Hello,
We’re currently running a hybrid monitoring environment using Icinga and SCOM, where Icinga is monitoring all Unix- and networkdevices and Operations Manager watches over all Windows based devices and applications.
However, due to the fact, that SCOM is a bit too bloated for our needs, we want to switch to full Icinga monitoring, using a combination of the Icinga2 Agent with the powershell-framework and -plugins.
We’re not using Director. The Framework and Plugins are v1.4.0.
Following the documentation we can now invoke checks through the agent and getting a decent output.
But one thing is keeping us from rolling this out on a big scale.
Take our network interface check as a reference:
& ‘C:\Windows\System32\WindowsPowerShell\v1.0\powershell.exe’ -ExecutionPolicy ‘ByPass’ -C { Use-Icinga; $counterset = get-counter -ListSet ‘network interface’ | Select-Object -ExpandProperty pathswithinstances | where {$_ -inotmatch ‘isatap’}; Invoke-IcingaCheckPerfcounter -PerfCounter $counterset -Warning $null -Critical $null -Verbose ‘0’}
This check is run every 60 seconds and gives us coherent results.

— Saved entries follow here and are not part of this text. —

(* Fix a labeling $P$. Let $c$ be a command, $\rho,\mu$ states and $\beta$ a boolean such that $|a|_\mu>0$ for every array $a$, $\mathtt b\notin\mathrm{UsedVars}(c)$, and $\rho(\mathtt b)=\mathrm{nat}(\beta)$. If $\langle\mathrm{FiSLH}_P(c),\rho,\mu,\beta\rangle\xrightarrow[D]{O}{}^*\langle c',\rho',\mu',\beta'\rangle$ in the speculative semantics, then there exists $c''$ such that $\langle c,\rho,\mu,\beta\rangle\xrightarrow[D]{O}{}_i^*\langle c'',\rho'[\mathtt b\mapsto\rho(\mathtt b)],\mu',\beta'\rangle$ in the ideal semantics (w.r.t. $P$), and moreover if $c'=\mathtt{skip}$ then $c''=\mathtt{skip}$ and $\rho'(\mathtt b)=\mathrm{nat}(\beta')$.
   Context: Language AWhile: scalar variables $X\in\mathcal V$, arrays $a\in\mathcal A$; $e::=n\mid X\mid\mathrm{op}_{\mathbb N}(e,\dots,e)\mid be\,?\,e_1:e_2$; $be::=\mathtt{true}\mid\mathtt{false}\mid\mathrm{cmp}(e,e)\mid\mathrm{op}_{\mathbb B}(be,\dots,be)$; $c::=\mathtt{skip}\mid X:=e\mid c_1;c_2\mid\mathtt{if}\ be\ \mathtt{then}\ c_1\ \mathtt{else}\ c_2\mid\mathtt{while}\ be\ \mathtt{do}\ c\mid X\leftarrow a[e]\mid a[e]\leftarrow e'$. Scalar state $\rho:\mathcal V\to\mathbb N$; array state $\mu$ with sizes $|a|_\mu$ and values $\mu(a)[i]$; $[\![\cdot]\!]_\rho$ pure evaluation; $\mathrm{nat}(\mathtt{true})=1$, $\mathrm{nat}(\mathtt{false})=0$; $\mathrm{UsedVars}(c)$ is the set of scalar variables in $c$; $\mathtt b$ is a reserved scalar variable. Speculative semantics: configurations $\langle c,\rho,\mu,\beta\rangle$; steps labelled by optional observation ($\mathrm{branch}(v)$, $\mathrm{read}(a,i)$, $\mathrm{write}(a,i)$) and optional directive ($\mathit{step},\mathit{force},\mathrm{load}(a',j),\mathrm{store}(a',j)$). $X:=e\to\mathtt{skip}$ with $\rho[X\mapsto[\![e]\!]_\rho]$; $c_1;c_2\to c_1';c_2$ whenever $c_1\to c_1'$ (same labels); $\mathtt{skip};c\to c$; $\mathtt{while}\ be\ \mathtt{do}\ c\to\mathtt{if}\ be\ \mathtt{then}\ (c;\mathtt{while}\ be\ \mathtt{do}\ c)\ \mathtt{else}\ \mathtt{skip}$ (no obs/directive, flag kept). Conditional with $\mathit{step}$: go to branch $v=[\![be]\!]_\rho$; with $\mathit{force}$: go to branch $\neg v$, set $\beta:=\mathtt{true}$; obs $\mathrm{branch}(v)$. Read $X\leftarrow a[ie]$ with $\mathit{step}$: $i=[\![ie]\!]_\rho<|a|_\mu$, $X:=\mu(a)[i]$; with $\mathrm{load}(a',j)$: requires $\beta=\mathtt{true}$, $i\ge|a|_\mu$, $j<|a'|_\mu$, $X:=\mu(a')[j]$; obs $\mathrm{read}(a,i)$. Write $a[ie]\leftarrow ae$ with $\mathit{step}$: $i<|a|_\mu$, $\mu[a[i]\mapsto[\![ae]\!]_\rho]$; with $\mathrm{store}(a',j)$: requires $\beta=\mathtt{true}$, $i\ge|a|_\mu$, $j<|a'|_\mu$, $\mu[a'[j]\mapsto[\![ae]\!]_\rho]$; obs $\mathrm{write}(a,i)$. Multi-step $\xrightarrow[D]{O}{}^*$ collects directive list $D$ and observation list $O$. Labels: $\mathtt{true}$=public, $\mathtt{false}$=secret; $P(e)$, $P(be)$ public iff all variables in it are public under $P:\mathcal V\to$ labels. Ideal semantics (w.r.t. $P$), $\xrightarrow[d]{o}{}_i$: identical to the speculative semantics except: conditional rules (both $\mathit{step}$ and $\mathit{force}$) use $v=(P(be)\vee\neg\beta)\wedge[\![be]\!]_\rho$ in place of $[\![be]\!]_\rho$ (both for the chosen branch and the observation); read with $\mathit{step}$ uses index $i=0$ if $(P(ie)=\mathtt{false}\vee P(X)=\mathtt{true})\wedge\beta$ and $i=[\![ie]\!]_\rho$ otherwise; read with $\mathrm{load}$ additionally requires $P(ie)=\mathtt{true}$ and $P(X)=\mathtt{false}$; write with $\mathit{step}$ uses $i=0$ if $(P(ie)=\mathtt{false}\vee P(ae)=\mathtt{false})\wedge\beta$ and $i=[\![ie]\!]_\rho$ otherwise; write with $\mathrm{store}$ additionally requires $P(ie)=\mathtt{true}$ and $P(ae)=\mathtt{true}$. Multi-step $\xrightarrow[D]{O}{}_i^*$ as before. Transformation $\mathrm{FiSLH}_P$: with $m(i)=(\mathtt b==1)\,?\,0:i$ and $B(be)=(\mathtt b==0\ \&\&\ be)$ if $P(be)=\mathtt{false}$, else $be$: $\mathtt{skip}\mapsto\mathtt{skip}$; $X:=e\mapsto X:=e$; $c_1;c_2\mapsto$ translations sequenced; $\mathtt{if}\ be\ \mathtt{then}\ c_1\ \mathtt{else}\ c_2\mapsto\mathtt{if}\ B(be)\ \mathtt{then}\ (\mathtt b:=B(be)\,?\,\mathtt b:1;[\![c_1]\!])\ \mathtt{else}\ (\mathtt b:=B(be)\,?\,1:\mathtt b;[\![c_2]\!])$; $\mathtt{while}\ be\ \mathtt{do}\ c\mapsto(\mathtt{while}\ B(be)\ \mathtt{do}\ (\mathtt b:=B(be)\,?\,\mathtt b:1;[\![c]\!]));\ \mathtt b:=B(be)\,?\,1:\mathtt b$; $X\leftarrow a[i]\mapsto X\leftarrow a[m(i)]$ if $P(X)=\mathtt{true}$ or $P(i)=\mathtt{false}$, else unchanged; $a[i]\leftarrow e\mapsto a[m(i)]\leftarrow e$ if $P(e)=\mathtt{false}$ or $P(i)=\mathtt{false}$, else unchanged. *)

theory Defs
  imports Main
begin

type_synonym vname = string
type_synonym aname = string

datatype aexp =
    ANum nat
  | AId vname
  | AOp "nat list \<Rightarrow> nat" "aexp list"
  | ACTIf bexp aexp aexp
and bexp =
    BTrue
  | BFalse
  | BCmp "nat \<Rightarrow> nat \<Rightarrow> bool" aexp aexp
  | BOp "bool list \<Rightarrow> bool" "bexp list"

datatype com =
    Skip
  | Asgn vname aexp
  | Seq com com
  | If bexp com com
  | While bexp com
  | ARead vname aname aexp
  | AWrite aname aexp aexp

type_synonym state = "vname \<Rightarrow> nat"
type_synonym astate = "aname \<Rightarrow> nat list"   (* |a|_mu = length (mu a), mu(a)[i] = mu a ! i *)
(* Let $L\in\mathbb{R}^{n\times n}$ be the Laplacian matrix of an undirected weighted graph, with eigenvalues $\lambda_1(L)\le\cdots\le\lambda_n(L)$ and orthonormal eigenvectors $v_1(L),\dots,v_n(L)$, and let $V_k=[v_1(L)\ \cdots\ v_k(L)]$, $\Lambda_k=\mathrm{diag}\{\lambda_i(L)\}_{i=1}^k$. Suppose $L$ is $k$-block-ideal with respect to a $k$-way partition $\{\mathcal{I}_1,\dots,\mathcal{I}_k\}$ of $[n]$, with invertible matrix $S\in\mathbb{R}^{k\times k}$ satisfying $V_k=P_{\{\mathcal{I}_i\}_{i=1}^k}S$, where $$P_{\{\mathcal{I}_i\}_{i=1}^k}:=[\mathbf{1}_{\mathcal{I}_1}\ \mathbf{1}_{\mathcal{I}_2}\ \cdots\ \mathbf{1}_{\mathcal{I}_k}].$$ Let $g_1(s),\dots,g_n(s)$, $f(s)$ be scalar transfer functions, $G(s)=\mathrm{diag}\{g_i(s)\}_{i=1}^n$ and $T_k(s)=V_k(V_k^TG^{-1}(s)V_k+f(s)\Lambda_k)^{-1}V_k^T$. Then $$T_k(s)=P_{\{\mathcal{I}_i\}_{i=1}^k}\big(I_k+\hat{G}(s)L_kf(s)\big)^{-1}\hat{G}(s)P^T_{\{\mathcal{I}_i\}_{i=1}^k},$$ where $\hat{G}(s)=\mathrm{diag}\{\hat{g}_i(s)\}_{i=1}^k$, $\hat{g}_i(s)=\big(\sum_{j\in\mathcal{I}_i}g_j^{-1}(s)\big)^{-1}$, and $L_k=(S^{-1})^T\Lambda_kS^{-1}$.
   Context: For $\mathcal{I}\subseteq[n]=\{1,\dots,n\}$, $\mathbf{1}_{\mathcal{I}}\in\mathbb{R}^n$ is the indicator vector with $[\mathbf{1}_\mathcal{I}]_i=1$ if $i\in\mathcal{I}$ and $0$ otherwise. A Laplacian $L$ is called $k$-block-ideal with respect to a $k$-way partition $\{\mathcal{I}_1,\dots,\mathcal{I}_k\}$ of $[n]$ if there exists an invertible $S\in\mathbb{R}^{k\times k}$ with $[v_1(L)\ \cdots\ v_k(L)]=[\mathbf{1}_{\mathcal{I}_1}\ \cdots\ \mathbf{1}_{\mathcal{I}_k}]S$. *)

theory Defs
  imports "Jordan_Normal_Form.Gauss_Jordan_Elimination"
begin

definition minv :: "'a :: field mat \<Rightarrow> 'a mat" where
  "minv A = the (mat_inverse A)"

definition weighted_graph_laplacian :: "nat \<Rightarrow> real mat \<Rightarrow> bool" where
  "weighted_graph_laplacian n L \<longleftrightarrow>
     (\<exists>W :: nat \<Rightarrow> nat \<Rightarrow> real.
        (\<forall>i<n. \<forall>j<n. W i j = W j i \<and> W i j \<ge> 0) \<and> (\<forall>i<n. W i i = 0) \<and>
        L = Matrix.mat n n (\<lambda>(i,j). if i = j then (\<Sum>l<n. W i l) else - W i j))"

definition is_partition :: "nat \<Rightarrow> nat \<Rightarrow> (nat \<Rightarrow> nat set) \<Rightarrow> bool" where
  "is_partition n k I \<longleftrightarrow>
     (\<forall>i<k. I i \<noteq> {}) \<and> (\<forall>i<k. \<forall>j<k. i \<noteq> j \<longrightarrow> I i \<inter> I j = {}) \<and>
     (\<Union>i<k. I i) = {0..<n}"

definition indicator_mat :: "nat \<Rightarrow> nat \<Rightarrow> (nat \<Rightarrow> nat set) \<Rightarrow> 'a :: zero_neq_one mat" where
  "indicator_mat n k I = Matrix.mat n k (\<lambda>(r,c). if r \<in> I c then 1 else 0)"

text \<open>V_k = [v_1 ... v_k] (0-based: columns v 0, ..., v (k-1)).\<close>
definition first_cols :: "nat \<Rightarrow> nat \<Rightarrow> (nat \<Rightarrow> 'a vec) \<Rightarrow> 'a mat" where
  "first_cols n k v = Matrix.mat n k (\<lambda>(r,c). v c $ r)"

However, every time it is run, it also creates a new powershell instance which, natively, takes a lot of time to start up. This means, that this check takes between 8 to 12 seconds in execution time, resulting in about 20-25% CPU in that timeframe. I discovered, that the CPU load isn’t bound to the complexity of the check. A simple Invoke-IcingaCheckCPU may only take 1 second to run, but it also takes the full 25% CPU.
We now have the phenomenon that sometimes some checks are overlapping, so that e.g. our Exchange 2016 Server sits there with 80% CPU load most of the time, where 50-75% of is powershell.
Disabling the Icinga service results in absence of these processes.
I now wonder:
Is there some kind of best practice I am missing or am I doing it entirely wrong?
When the command mentioned above is run multiple times in a single Powershell session, the runtime can be reduced from 8 to 12 sec to around 2.
Can I manipulate the behaviour of the agent in a way, that it keeps one powershell session an executes its checks through that single session?
We really want to fully migrate into the Icinga universe but blocking our resources with 5 or so checks is not really formidable.
Thank you for your help!